SOURCE RECORDS below:
lemma schur_similarity:
  fixes M :: "complex mat"
  assumes M: "M \<in> carrier_mat n n"
  obtains B P Q where "B \<in> carrier_mat n n" "P \<in> carrier_mat n n" "Q \<in> carrier_mat n n"
    "Q * P = 1\<^sub>m n" "M * P = P * B" "upper_triangular B"
proof -
  obtain es where es: "char_poly M = (\<Prod>a\<leftarrow>es. [:- a, 1:])"
    using char_poly_factorized[OF M] by auto
  obtain B P Q where "schur_decomposition M es = (B, P, Q)"
    by (cases "schur_decomposition M es") auto
  from schur_decomposition[OF M es this]
  have wit: "similar_mat_wit M B P Q" and ut: "upper_triangular B" by auto
  from wit M have B: "B \<in> carrier_mat n n" and P: "P \<in> carrier_mat n n" and Q: "Q \<in> carrier_mat n n"
    and QP: "Q * P = 1\<^sub>m n" and MPBQ: "M = P * B * Q"
    unfolding similar_mat_wit_def Let_def by auto
  have "M * P = (P * B) * (Q * P)" using MPBQ P B Q by (simp add: assoc_mult_mat[of _ n n _ n _ n])
  then have "M * P = P * B" using QP P B by simp
  with B P Q QP ut that show ?thesis by blast
qed

lemma adjoint_mult_self_eq_one_if_orthonormal:
  assumes "orthonormal n q n"
  defines "U \<equiv> mat n n (\<lambda>(x, j). q j x)"
  shows "mat_adjoint U * U = 1\<^sub>m n"
proof (rule eq_matI)
  have U: "U \<in> carrier_mat n n" unfolding U_def by simp
  fix i j assume "i < dim_row (1\<^sub>m n :: complex mat)" "j < dim_col (1\<^sub>m n :: complex mat)"
  then have "i < n" "j < n" by auto
  then have "(mat_adjoint U * U) $$ (i, j) = (\<Sum>x<n. mat_adjoint U $$ (i, x) * U $$ (x, j))"
    using U by (rule_tac index_mult_mat_sum) auto
  also have "\<dots> = cinner n (q i) (q j)"
    unfolding cinner_def using \<open>i < n\<close> \<open>j < n\<close> by (simp add: U_def)
  finally show "(mat_adjoint U * U) $$ (i, j) = 1\<^sub>m n $$ (i, j)"
    using assms \<open>i < n\<close> \<open>j < n\<close> unfolding orthonormal_def by simp
qed (simp_all add: U_def)

text \<open>The Schur decomposition of Jordan_Normal_Form is only a similarity. Orthonormalising the
  columns of its transformation matrix keeps the flag of invariant subspaces, so the resulting
  unitary matrix still triangularises.\<close>

lemma unitary_triangularization:
  fixes M :: "complex mat"
  assumes M: "M \<in> carrier_mat n n"
  shows "\<exists>U \<in> carrier_mat n n. mat_adjoint U * U = 1\<^sub>m n \<and> upper_triangular (mat_adjoint U * M * U)"
proof -
  obtain B P Q where B: "B \<in> carrier_mat n n" and P: "P \<in> carrier_mat n n" and Q: "Q \<in> carrier_mat n n"
    and QP: "Q * P = 1\<^sub>m n" and MP: "M * P = P * B" and ut: "upper_triangular B"
    using schur_similarity[OF M] by blast
  define p where "p j x = P $$ (x, j)" for j x
  have "(\<Sum>x<n. Q $$ (l, x) * p j x) = (if l = j then 1 else 0)" if "l < n" "j < n" for l j
    using index_mult_mat_sum[OF Q P that] QP that by (simp add: p_def)
  from gram_schmidt[of n "\<lambda>l x. Q $$ (l, x)" p, OF this order_refl]
  obtain q where orth: "orthonormal n q n"
    and span: "\<And>j. j < n \<Longrightarrow> in_span n q (Suc j) (p j) \<and> in_span n p (Suc j) (q j)"
    by blast
  have "in_span n q (Suc j) (\<lambda>y. \<Sum>x<n. M $$ (y, x) * q j x)" if "j < n" for j
  proof (rule in_span_mat_mult)
    show "in_span n p (Suc j) (q j)" using span that by blast
    fix i assume "i < Suc j"
    have "in_span n q (Suc j) (p l)" if "l < Suc i" for l
      using span[of l] that \<open>i < Suc j\<close> \<open>j < n\<close> by (auto elim: in_span_mono)
    then show "in_span n q (Suc j) (\<lambda>y. \<Sum>x<n. M $$ (y, x) * p i x)"
      using similar_upper_triangular_in_span[OF M P B MP ut, of i] \<open>i < Suc j\<close> \<open>j < n\<close>
      unfolding p_def by (rule_tac in_span_trans) auto
  qed
  then have "upper_triangular (mat_adjoint (mat n n (\<lambda>(x, j). q j x)) * M * mat n n (\<lambda>(x, j). q j x))"
    using M orth by (rule_tac upper_triangular_if_invariant_flag) auto
  moreover have "mat n n (\<lambda>(x, j). q j x) \<in> carrier_mat n n" by simp
  ultimately show ?thesis using adjoint_mult_self_eq_one_if_orthonormal[OF orth] by blast
qed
End of SOURCE RECORDS.
PROBLEM DESCRIPTION:
What is the count of lines in the data above containing the string "lemma"? Write the number and nothing else.

FINISHED EXERCISE:
3